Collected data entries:
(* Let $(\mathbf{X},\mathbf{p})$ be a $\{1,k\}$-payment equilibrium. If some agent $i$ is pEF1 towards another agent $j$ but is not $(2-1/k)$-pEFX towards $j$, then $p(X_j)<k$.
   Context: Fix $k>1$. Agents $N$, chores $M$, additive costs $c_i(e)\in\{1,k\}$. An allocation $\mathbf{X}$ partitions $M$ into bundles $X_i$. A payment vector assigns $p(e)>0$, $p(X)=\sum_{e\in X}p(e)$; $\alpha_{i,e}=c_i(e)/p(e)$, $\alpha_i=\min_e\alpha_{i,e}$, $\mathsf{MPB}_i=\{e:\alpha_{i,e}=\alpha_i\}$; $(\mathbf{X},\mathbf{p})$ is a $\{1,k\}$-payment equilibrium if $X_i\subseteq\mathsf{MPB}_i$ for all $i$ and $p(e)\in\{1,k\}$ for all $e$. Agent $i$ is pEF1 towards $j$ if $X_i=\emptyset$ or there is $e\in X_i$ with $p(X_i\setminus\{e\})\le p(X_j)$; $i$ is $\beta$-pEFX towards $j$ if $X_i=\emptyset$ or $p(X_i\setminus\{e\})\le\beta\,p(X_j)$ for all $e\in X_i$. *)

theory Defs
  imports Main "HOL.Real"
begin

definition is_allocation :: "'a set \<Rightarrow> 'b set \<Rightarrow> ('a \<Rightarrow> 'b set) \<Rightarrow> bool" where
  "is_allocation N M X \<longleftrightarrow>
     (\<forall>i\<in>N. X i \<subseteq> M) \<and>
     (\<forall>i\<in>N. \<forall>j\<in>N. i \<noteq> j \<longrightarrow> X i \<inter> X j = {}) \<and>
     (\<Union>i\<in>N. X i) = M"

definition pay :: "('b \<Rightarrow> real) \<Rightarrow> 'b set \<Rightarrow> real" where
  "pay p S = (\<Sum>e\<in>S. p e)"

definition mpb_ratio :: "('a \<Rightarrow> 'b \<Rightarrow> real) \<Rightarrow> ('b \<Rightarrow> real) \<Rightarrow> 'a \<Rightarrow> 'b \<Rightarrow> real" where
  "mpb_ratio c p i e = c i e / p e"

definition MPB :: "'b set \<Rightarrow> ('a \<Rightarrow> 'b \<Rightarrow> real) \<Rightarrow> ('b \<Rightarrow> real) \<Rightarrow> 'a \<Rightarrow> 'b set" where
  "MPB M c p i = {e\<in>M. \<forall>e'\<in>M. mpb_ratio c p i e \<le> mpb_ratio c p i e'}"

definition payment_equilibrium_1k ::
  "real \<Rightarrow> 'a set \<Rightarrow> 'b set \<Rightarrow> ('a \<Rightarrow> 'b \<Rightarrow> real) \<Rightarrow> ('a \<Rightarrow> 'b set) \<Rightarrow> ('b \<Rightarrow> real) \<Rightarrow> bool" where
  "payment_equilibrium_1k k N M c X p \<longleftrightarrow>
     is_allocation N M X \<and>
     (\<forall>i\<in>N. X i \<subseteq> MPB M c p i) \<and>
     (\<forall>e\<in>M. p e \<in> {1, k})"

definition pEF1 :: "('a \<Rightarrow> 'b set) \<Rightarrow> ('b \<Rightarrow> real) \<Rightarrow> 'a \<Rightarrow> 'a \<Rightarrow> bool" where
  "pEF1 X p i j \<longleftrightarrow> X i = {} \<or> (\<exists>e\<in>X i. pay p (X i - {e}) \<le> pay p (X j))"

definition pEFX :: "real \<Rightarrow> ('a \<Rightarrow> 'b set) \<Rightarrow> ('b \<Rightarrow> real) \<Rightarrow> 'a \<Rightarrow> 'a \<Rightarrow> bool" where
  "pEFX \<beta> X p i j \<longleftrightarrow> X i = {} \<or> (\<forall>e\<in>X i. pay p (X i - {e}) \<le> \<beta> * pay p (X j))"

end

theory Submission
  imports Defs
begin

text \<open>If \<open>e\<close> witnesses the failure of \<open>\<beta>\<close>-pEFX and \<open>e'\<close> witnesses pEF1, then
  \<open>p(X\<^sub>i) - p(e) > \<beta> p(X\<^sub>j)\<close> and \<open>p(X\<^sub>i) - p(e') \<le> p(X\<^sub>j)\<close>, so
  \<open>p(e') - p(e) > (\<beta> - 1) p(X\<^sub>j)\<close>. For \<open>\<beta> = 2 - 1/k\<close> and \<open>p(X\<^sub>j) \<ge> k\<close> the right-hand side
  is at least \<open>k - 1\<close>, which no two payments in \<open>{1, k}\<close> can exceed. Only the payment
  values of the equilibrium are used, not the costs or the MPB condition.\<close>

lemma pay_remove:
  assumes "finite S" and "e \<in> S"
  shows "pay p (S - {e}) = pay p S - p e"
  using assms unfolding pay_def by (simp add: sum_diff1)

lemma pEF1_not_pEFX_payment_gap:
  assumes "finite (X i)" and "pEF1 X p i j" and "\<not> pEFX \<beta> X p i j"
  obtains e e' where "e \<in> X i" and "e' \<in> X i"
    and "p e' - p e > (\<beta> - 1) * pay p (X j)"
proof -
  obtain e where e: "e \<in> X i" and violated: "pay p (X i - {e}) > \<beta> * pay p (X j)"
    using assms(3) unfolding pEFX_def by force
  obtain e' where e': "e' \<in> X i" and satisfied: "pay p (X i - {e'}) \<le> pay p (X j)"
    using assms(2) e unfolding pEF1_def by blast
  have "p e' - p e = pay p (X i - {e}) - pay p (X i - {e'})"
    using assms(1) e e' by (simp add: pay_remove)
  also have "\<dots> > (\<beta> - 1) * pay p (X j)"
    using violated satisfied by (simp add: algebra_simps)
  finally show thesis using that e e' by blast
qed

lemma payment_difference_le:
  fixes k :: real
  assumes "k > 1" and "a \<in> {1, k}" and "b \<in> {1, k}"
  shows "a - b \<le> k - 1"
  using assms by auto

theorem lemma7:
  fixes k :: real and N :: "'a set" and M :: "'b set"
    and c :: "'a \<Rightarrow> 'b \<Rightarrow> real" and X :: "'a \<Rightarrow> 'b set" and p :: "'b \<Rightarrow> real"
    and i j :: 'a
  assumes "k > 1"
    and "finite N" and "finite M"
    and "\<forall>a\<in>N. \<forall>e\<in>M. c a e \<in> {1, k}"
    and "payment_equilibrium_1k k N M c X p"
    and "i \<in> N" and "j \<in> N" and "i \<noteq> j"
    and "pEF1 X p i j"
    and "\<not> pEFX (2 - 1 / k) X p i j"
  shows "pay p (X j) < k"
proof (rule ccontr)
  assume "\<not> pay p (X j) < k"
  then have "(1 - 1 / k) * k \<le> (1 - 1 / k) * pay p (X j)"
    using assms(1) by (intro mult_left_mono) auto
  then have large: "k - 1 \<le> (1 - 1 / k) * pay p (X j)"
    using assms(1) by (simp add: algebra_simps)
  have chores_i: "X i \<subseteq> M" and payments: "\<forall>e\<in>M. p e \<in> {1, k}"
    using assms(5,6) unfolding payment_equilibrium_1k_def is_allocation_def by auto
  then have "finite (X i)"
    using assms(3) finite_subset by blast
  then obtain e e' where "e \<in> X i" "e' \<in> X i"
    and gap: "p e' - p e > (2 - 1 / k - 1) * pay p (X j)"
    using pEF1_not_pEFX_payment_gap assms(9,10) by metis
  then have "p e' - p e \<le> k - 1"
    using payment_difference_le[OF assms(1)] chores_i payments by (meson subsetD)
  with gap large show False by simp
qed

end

■ **ACTION ITEM**
Copy every line from the data that includes the string "with".

■ **TASK ANSWER**
   Context: Fix $k>1$. Agents $N$, chores $M$, additive costs $c_i(e)\in\{1,k\}$. An allocation $\mathbf{X}$ partitions $M$ into bundles $X_i$. A payment vector assigns $p(e)>0$, $p(X)=\sum_{e\in X}p(e)$; $\alpha_{i,e}=c_i(e)/p(e)$, $\alpha_i=\min_e\alpha_{i,e}$, $\mathsf{MPB}_i=\{e:\alpha_{i,e}=\alpha_i\}$; $(\mathbf{X},\mathbf{p})$ is a $\{1,k\}$-payment equilibrium if $X_i\subseteq\mathsf{MPB}_i$ for all $i$ and $p(e)\in\{1,k\}$ for all $e$. Agent $i$ is pEF1 towards $j$ if $X_i=\emptyset$ or there is $e\in X_i$ with $p(X_i\setminus\{e\})\le p(X_j)$; $i$ is $\beta$-pEFX towards $j$ if $X_i=\emptyset$ or $p(X_i\setminus\{e\})\le\beta\,p(X_j)$ for all $e\in X_i$. *)
  with gap large show False by simp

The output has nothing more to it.